In the lines below, the string "unfolding" may appear; say how many lines hold it and give nothing more.

Given records:
◇ ◇ ◇ ◇ ◇

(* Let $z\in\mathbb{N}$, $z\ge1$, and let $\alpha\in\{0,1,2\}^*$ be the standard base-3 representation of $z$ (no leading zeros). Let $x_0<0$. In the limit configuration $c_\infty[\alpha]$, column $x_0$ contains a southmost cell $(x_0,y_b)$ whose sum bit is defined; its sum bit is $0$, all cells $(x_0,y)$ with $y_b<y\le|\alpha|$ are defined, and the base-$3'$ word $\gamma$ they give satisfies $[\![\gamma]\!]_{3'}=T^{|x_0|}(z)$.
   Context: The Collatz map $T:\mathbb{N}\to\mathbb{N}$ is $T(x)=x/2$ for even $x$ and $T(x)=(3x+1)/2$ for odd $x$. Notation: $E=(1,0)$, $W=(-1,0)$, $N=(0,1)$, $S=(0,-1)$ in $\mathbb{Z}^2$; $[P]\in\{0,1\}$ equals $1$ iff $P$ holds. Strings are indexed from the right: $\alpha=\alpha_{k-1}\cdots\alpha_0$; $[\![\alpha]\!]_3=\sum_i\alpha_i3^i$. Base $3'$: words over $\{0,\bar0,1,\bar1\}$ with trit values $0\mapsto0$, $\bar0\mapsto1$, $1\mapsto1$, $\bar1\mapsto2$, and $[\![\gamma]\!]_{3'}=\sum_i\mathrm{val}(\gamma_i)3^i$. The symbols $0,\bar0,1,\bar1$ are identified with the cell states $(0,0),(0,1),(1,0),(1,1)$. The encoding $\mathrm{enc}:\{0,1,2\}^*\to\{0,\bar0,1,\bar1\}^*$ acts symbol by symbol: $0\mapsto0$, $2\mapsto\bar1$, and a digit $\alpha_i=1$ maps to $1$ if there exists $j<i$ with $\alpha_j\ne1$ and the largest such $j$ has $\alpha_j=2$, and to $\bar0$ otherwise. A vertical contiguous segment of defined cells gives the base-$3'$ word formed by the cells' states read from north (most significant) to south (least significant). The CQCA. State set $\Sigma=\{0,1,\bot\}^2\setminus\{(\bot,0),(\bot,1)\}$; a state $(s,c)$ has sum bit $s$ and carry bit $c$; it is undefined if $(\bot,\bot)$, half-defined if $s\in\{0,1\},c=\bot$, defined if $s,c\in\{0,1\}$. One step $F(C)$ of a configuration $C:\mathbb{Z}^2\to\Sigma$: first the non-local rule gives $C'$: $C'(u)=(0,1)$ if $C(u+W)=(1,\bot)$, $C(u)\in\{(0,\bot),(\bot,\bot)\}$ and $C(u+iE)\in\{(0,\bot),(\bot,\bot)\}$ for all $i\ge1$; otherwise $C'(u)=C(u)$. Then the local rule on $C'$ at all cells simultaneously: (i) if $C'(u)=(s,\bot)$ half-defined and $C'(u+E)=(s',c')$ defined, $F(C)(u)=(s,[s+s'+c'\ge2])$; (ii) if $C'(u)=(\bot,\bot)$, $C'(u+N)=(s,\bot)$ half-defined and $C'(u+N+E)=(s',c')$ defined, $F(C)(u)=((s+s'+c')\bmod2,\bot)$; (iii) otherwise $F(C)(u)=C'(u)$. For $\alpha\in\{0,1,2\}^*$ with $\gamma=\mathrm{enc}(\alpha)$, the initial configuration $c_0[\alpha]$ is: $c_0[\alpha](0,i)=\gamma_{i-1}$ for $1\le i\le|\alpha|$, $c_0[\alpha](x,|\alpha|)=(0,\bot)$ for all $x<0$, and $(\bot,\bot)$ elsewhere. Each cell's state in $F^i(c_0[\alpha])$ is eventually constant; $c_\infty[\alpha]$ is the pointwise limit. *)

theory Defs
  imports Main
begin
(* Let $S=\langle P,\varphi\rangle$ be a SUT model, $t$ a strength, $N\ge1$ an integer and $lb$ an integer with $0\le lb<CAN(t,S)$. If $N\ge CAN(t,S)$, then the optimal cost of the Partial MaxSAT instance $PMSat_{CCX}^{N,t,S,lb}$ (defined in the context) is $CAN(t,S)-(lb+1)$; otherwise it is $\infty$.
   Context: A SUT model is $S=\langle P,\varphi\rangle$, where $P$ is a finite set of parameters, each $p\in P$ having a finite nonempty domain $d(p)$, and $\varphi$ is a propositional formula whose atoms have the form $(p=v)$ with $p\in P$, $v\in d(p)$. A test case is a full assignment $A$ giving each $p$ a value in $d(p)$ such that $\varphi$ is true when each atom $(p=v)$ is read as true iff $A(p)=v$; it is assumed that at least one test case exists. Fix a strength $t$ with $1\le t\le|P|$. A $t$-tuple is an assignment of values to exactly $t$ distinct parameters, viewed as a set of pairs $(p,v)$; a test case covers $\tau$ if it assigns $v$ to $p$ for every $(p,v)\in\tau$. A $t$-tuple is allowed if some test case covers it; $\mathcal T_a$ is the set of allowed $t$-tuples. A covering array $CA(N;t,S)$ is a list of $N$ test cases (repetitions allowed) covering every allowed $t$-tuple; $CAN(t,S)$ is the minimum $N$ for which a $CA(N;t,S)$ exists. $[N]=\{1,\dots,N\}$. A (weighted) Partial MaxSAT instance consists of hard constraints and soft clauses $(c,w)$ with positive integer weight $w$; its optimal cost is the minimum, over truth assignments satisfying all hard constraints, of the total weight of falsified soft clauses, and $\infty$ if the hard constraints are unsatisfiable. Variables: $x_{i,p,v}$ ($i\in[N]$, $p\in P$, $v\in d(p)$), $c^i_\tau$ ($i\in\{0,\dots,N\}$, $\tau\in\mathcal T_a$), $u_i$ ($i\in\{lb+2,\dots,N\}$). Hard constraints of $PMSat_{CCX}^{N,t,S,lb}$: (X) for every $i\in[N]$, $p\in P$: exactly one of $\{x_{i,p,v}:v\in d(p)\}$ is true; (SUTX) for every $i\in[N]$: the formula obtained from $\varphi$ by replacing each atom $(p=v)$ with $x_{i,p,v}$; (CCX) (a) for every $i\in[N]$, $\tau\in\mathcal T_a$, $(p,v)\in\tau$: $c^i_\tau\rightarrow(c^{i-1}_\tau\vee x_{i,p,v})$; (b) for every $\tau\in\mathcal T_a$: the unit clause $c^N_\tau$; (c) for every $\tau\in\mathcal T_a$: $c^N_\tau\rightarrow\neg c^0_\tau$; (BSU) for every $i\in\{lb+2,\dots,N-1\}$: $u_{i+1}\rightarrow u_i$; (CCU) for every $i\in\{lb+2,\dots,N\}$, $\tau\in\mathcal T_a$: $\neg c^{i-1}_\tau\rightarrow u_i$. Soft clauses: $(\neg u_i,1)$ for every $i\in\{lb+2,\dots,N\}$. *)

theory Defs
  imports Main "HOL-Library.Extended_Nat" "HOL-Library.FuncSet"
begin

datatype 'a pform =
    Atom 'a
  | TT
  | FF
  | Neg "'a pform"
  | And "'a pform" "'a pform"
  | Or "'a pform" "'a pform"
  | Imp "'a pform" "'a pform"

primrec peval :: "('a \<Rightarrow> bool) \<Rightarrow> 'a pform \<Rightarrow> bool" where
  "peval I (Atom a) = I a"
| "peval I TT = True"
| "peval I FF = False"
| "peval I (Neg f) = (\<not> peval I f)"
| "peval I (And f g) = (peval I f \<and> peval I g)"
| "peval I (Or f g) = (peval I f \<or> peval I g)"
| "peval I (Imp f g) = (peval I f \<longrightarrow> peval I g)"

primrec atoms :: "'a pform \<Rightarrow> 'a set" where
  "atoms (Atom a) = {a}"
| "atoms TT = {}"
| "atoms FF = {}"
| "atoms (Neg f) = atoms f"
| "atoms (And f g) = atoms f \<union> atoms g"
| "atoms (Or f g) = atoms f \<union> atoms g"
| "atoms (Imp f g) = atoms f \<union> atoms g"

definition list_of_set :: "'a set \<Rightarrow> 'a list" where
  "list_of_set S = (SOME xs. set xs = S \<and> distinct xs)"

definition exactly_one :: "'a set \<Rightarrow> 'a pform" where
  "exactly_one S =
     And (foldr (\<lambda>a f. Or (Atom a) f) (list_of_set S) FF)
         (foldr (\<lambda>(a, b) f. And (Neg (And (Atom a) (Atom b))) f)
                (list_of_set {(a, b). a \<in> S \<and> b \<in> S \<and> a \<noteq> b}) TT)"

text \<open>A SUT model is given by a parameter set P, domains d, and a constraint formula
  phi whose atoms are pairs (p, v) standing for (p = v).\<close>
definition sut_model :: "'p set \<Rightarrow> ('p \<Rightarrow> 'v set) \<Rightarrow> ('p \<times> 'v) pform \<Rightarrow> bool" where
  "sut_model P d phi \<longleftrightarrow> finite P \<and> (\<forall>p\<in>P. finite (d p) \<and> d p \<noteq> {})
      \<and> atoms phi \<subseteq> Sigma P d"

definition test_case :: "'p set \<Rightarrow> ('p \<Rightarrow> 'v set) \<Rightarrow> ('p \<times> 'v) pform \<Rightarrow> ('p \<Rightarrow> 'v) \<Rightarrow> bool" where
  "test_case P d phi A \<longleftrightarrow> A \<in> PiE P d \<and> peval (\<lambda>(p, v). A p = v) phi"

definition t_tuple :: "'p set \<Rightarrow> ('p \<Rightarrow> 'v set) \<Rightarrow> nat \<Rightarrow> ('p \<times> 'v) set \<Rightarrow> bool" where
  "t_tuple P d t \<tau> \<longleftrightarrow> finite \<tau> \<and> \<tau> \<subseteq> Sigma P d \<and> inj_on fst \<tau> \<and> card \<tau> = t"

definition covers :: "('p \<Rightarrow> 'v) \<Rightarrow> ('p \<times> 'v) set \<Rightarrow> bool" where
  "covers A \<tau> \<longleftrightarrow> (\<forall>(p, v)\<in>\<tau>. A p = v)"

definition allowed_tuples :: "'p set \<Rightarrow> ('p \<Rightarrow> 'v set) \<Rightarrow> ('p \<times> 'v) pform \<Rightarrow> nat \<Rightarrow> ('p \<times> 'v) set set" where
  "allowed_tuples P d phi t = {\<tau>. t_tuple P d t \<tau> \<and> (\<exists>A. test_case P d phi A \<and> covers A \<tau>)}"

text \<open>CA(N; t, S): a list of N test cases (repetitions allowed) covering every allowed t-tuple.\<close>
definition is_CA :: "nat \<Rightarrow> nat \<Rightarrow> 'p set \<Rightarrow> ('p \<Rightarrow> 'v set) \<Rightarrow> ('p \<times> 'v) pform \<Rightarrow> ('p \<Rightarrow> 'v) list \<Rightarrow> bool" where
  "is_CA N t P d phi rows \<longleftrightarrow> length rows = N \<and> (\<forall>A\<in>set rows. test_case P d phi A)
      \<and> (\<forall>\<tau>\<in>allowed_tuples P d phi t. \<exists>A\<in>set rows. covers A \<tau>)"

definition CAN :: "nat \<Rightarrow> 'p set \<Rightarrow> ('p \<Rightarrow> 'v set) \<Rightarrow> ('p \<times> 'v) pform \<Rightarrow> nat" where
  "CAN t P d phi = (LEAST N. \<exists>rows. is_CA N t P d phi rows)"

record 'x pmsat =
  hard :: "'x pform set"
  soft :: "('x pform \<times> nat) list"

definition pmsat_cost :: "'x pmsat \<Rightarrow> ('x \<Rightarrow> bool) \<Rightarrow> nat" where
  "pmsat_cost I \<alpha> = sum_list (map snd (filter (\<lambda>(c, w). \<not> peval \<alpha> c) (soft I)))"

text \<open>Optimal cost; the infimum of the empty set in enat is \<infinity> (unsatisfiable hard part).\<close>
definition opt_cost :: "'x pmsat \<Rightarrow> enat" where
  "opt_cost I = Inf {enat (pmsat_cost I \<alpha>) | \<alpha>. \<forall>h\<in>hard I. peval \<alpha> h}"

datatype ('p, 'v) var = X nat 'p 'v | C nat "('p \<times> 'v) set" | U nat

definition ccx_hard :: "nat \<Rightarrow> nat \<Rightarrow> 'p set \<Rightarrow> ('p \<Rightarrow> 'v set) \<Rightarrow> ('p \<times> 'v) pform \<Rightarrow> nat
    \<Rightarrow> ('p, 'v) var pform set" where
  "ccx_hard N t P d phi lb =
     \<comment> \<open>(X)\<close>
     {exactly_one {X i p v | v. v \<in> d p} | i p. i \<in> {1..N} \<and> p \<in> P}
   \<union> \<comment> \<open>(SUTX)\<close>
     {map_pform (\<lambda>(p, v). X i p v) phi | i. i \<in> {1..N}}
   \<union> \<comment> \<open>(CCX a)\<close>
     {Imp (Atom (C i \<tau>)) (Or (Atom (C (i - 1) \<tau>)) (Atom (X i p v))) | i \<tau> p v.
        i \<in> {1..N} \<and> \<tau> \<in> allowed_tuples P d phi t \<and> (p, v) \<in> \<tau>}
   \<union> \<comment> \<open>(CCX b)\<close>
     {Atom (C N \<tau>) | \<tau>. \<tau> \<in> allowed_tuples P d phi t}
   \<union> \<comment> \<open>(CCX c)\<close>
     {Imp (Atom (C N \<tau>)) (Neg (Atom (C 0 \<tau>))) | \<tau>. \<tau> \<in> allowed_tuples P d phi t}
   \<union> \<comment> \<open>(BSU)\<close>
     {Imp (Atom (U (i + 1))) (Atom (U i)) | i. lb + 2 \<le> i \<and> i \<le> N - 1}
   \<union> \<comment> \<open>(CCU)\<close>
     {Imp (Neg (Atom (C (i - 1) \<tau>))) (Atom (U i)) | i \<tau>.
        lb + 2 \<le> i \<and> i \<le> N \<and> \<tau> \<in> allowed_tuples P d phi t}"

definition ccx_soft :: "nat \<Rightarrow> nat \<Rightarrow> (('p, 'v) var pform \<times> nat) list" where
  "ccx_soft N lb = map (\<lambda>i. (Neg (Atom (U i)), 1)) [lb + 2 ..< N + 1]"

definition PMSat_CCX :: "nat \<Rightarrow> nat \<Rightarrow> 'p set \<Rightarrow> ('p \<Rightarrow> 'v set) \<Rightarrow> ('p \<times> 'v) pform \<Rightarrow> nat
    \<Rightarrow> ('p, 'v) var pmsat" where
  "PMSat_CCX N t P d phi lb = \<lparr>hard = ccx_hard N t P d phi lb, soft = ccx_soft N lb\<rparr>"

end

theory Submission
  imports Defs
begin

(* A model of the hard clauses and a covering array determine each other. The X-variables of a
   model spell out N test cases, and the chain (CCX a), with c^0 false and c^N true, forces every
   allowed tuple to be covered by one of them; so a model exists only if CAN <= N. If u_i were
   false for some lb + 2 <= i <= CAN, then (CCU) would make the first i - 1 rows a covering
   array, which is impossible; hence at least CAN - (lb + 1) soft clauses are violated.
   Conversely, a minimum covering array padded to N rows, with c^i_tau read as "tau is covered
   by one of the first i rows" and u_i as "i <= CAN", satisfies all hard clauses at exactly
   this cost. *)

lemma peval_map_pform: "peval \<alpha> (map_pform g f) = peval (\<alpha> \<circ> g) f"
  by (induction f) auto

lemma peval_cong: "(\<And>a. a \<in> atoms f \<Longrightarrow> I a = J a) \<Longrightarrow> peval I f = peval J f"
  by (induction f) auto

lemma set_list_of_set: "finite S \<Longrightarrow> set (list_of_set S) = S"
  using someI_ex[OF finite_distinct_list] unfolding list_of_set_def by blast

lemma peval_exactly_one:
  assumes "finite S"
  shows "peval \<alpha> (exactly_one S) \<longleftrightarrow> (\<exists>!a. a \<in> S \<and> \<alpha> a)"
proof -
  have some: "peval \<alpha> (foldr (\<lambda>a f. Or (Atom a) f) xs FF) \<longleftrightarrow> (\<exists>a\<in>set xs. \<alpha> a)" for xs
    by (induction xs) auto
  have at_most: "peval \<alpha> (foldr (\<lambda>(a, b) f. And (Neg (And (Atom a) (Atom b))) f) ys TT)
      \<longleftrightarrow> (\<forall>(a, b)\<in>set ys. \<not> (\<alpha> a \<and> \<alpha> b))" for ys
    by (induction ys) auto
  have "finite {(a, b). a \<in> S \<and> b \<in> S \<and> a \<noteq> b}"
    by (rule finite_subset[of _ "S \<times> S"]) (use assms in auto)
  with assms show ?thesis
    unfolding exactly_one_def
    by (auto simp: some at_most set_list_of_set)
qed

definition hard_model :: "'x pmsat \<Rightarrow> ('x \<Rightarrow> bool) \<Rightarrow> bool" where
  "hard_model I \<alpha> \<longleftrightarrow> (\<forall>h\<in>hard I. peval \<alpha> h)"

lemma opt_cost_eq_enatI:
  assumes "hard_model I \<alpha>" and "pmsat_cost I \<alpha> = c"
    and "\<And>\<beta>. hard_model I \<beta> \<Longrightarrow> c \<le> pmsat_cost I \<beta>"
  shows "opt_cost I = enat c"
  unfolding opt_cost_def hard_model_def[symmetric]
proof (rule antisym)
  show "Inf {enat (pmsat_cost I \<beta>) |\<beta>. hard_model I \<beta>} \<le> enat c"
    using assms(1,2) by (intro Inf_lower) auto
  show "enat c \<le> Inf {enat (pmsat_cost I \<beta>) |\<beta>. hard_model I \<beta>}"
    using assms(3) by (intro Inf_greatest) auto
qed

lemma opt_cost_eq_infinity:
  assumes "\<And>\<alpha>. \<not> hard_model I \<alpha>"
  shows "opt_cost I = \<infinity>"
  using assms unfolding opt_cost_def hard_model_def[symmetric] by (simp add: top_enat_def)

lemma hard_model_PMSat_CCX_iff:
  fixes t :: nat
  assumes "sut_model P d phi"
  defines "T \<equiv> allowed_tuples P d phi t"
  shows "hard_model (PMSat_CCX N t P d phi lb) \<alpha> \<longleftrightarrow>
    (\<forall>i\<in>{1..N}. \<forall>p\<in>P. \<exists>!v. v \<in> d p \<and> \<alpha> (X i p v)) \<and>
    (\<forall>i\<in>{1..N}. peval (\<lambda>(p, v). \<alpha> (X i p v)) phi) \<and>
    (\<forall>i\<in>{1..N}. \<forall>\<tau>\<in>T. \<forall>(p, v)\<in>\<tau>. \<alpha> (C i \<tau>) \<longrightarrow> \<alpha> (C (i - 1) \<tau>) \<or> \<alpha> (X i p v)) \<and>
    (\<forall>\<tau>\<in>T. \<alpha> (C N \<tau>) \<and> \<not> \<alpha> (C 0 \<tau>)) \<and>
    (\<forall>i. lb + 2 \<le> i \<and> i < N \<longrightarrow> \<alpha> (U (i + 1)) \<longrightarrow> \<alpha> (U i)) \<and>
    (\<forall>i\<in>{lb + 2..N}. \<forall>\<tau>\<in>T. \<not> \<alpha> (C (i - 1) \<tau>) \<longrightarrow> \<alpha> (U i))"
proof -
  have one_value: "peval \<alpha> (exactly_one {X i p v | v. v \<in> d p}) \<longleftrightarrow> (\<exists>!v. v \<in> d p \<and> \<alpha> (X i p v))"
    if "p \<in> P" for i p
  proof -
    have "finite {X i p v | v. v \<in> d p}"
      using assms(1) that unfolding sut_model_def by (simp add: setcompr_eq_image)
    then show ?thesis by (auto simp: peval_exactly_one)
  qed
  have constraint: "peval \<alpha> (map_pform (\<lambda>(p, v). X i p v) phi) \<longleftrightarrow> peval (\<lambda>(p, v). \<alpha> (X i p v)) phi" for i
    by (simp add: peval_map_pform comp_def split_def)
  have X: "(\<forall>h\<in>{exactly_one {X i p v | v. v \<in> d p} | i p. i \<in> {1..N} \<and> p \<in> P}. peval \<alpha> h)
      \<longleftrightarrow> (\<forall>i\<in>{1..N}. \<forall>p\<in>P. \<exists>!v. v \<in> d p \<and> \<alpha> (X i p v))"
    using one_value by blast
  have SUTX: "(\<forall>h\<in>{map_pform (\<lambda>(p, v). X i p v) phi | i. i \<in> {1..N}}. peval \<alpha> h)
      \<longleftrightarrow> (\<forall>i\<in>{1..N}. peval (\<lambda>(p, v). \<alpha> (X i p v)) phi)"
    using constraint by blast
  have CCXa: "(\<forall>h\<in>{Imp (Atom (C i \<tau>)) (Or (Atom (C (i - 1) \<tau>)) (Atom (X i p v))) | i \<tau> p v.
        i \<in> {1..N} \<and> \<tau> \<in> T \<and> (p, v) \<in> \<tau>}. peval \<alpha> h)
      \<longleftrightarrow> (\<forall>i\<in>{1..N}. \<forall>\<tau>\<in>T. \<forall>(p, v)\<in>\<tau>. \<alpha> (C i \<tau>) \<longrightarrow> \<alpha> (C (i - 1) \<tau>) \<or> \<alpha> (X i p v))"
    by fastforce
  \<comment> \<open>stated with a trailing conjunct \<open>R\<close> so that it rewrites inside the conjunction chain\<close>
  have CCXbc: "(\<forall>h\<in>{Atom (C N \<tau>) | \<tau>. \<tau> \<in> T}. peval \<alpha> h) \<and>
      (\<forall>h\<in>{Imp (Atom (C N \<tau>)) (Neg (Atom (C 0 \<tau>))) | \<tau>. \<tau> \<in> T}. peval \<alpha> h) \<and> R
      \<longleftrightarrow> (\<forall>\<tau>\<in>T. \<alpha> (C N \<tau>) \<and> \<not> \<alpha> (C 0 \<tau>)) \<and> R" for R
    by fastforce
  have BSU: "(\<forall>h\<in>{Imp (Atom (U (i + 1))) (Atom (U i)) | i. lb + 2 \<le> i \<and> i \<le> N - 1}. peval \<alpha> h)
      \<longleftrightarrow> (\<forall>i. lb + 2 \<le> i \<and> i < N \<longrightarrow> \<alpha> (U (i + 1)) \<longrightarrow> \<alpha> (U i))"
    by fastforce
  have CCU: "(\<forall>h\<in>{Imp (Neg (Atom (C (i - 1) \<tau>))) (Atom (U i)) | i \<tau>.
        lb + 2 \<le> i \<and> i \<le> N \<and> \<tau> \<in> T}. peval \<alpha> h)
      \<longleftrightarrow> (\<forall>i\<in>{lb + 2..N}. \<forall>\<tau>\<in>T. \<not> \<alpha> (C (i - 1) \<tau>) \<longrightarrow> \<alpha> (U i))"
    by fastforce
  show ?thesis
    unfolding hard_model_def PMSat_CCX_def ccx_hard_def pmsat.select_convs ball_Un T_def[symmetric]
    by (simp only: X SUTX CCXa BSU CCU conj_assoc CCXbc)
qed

◇ ◇ ◇ ◇ ◇

Reply to the exercise:
6